**TRY IT:**
Up to and including the line that contains "and value 0", return every line from the start of the data, unchanged.

**RECORDS PROVIDED:**
(* There exist a CSS code $\mathcal C$ on $n$ qupits and a partition $\{1,\dots,n\}=A\sqcup B$ for which $ST_B(\mathcal C)\subsetneq \mathcal C_B$.
   Context: A qupit is $\mathbb{C}^p$, $p$ prime, with basis $\{|a\rangle:a\in\mathbb{Z}_p\}$, and $\mathcal F|a\rangle=\frac1{\sqrt p}\sum_be^{2\pi iab/p}|b\rangle$. For $U\le\mathbb{Z}_p^n$, $U^{(q)}=\mathrm{span}\{|\mathbf u\rangle:\mathbf u\in U\}$. A CSS code is $\mathcal C=V^{(q)}\cap\mathcal F^{\otimes n}W^{(q)}$ for linear codes $V,W\le\mathbb{Z}_p^n$ with $V^\perp\subseteq W$. For $B\subseteq\{1,\dots,n\}$, $V_B=\{\mathbf v:\exists\mathbf w\in V,\ \mathrm{supp}(\mathbf v-\mathbf w)\subseteq B\}$, $W_B$ is defined similarly, and $\mathcal C_B=V_B^{(q)}\cap\mathcal F^{\otimes n}W_B^{(q)}$. A mixed state $\rho'$ is "in" $\mathcal C$ if $\mathrm{Tr}(P_{\mathcal C}\rho')=1$. $ST_B(\mathcal C)=\{\rho:\exists\rho'\text{ in }\mathcal C,\ \mathrm{Tr}_B(\rho)=\mathrm{Tr}_B(\rho')\}$, where $\mathcal H=\mathcal H_A\otimes\mathcal H_B$ with $\mathcal H_A,\mathcal H_B$ the qupits in positions $A$ and $B$. *)

theory Defs
  imports Complex_Main "HOL-Library.Complex_Order" "HOL-Computational_Algebra.Primes"
begin

text \<open>Qupit positions are indexed by 0..n-1 (standing for 1..n).  A basis string
  (element of Z_p^n) is a function nat => nat with values < p at positions < n
  and value 0 elsewhere.  Vectors of the Hilbert space (C^p)^{\<otimes> n} are
  functions from basis strings to complex numbers supported on the basis strings;
  operators are kernels (matrices) indexed by pairs of basis strings.\<close>

type_synonym bstr = "nat \<Rightarrow> nat"
type_synonym qvec = "bstr \<Rightarrow> complex"
type_synonym qop = "bstr \<Rightarrow> bstr \<Rightarrow> complex"

definition strs :: "nat \<Rightarrow> nat \<Rightarrow> bstr set" where
  "strs p n = {x. (\<forall>i<n. x i < p) \<and> (\<forall>i\<ge>n. x i = 0)}"

definition vadd :: "nat \<Rightarrow> bstr \<Rightarrow> bstr \<Rightarrow> bstr" where
  "vadd p x y = (\<lambda>i. (x i + y i) mod p)"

**EXERCISE OUTPUT:**
(* There exist a CSS code $\mathcal C$ on $n$ qupits and a partition $\{1,\dots,n\}=A\sqcup B$ for which $ST_B(\mathcal C)\subsetneq \mathcal C_B$.
   Context: A qupit is $\mathbb{C}^p$, $p$ prime, with basis $\{|a\rangle:a\in\mathbb{Z}_p\}$, and $\mathcal F|a\rangle=\frac1{\sqrt p}\sum_be^{2\pi iab/p}|b\rangle$. For $U\le\mathbb{Z}_p^n$, $U^{(q)}=\mathrm{span}\{|\mathbf u\rangle:\mathbf u\in U\}$. A CSS code is $\mathcal C=V^{(q)}\cap\mathcal F^{\otimes n}W^{(q)}$ for linear codes $V,W\le\mathbb{Z}_p^n$ with $V^\perp\subseteq W$. For $B\subseteq\{1,\dots,n\}$, $V_B=\{\mathbf v:\exists\mathbf w\in V,\ \mathrm{supp}(\mathbf v-\mathbf w)\subseteq B\}$, $W_B$ is defined similarly, and $\mathcal C_B=V_B^{(q)}\cap\mathcal F^{\otimes n}W_B^{(q)}$. A mixed state $\rho'$ is "in" $\mathcal C$ if $\mathrm{Tr}(P_{\mathcal C}\rho')=1$. $ST_B(\mathcal C)=\{\rho:\exists\rho'\text{ in }\mathcal C,\ \mathrm{Tr}_B(\rho)=\mathrm{Tr}_B(\rho')\}$, where $\mathcal H=\mathcal H_A\otimes\mathcal H_B$ with $\mathcal H_A,\mathcal H_B$ the qupits in positions $A$ and $B$. *)

theory Defs
  imports Complex_Main "HOL-Library.Complex_Order" "HOL-Computational_Algebra.Primes"
begin

text \<open>Qupit positions are indexed by 0..n-1 (standing for 1..n).  A basis string
  (element of Z_p^n) is a function nat => nat with values < p at positions < n
  and value 0 elsewhere.  Vectors of the Hilbert space (C^p)^{\<otimes> n} are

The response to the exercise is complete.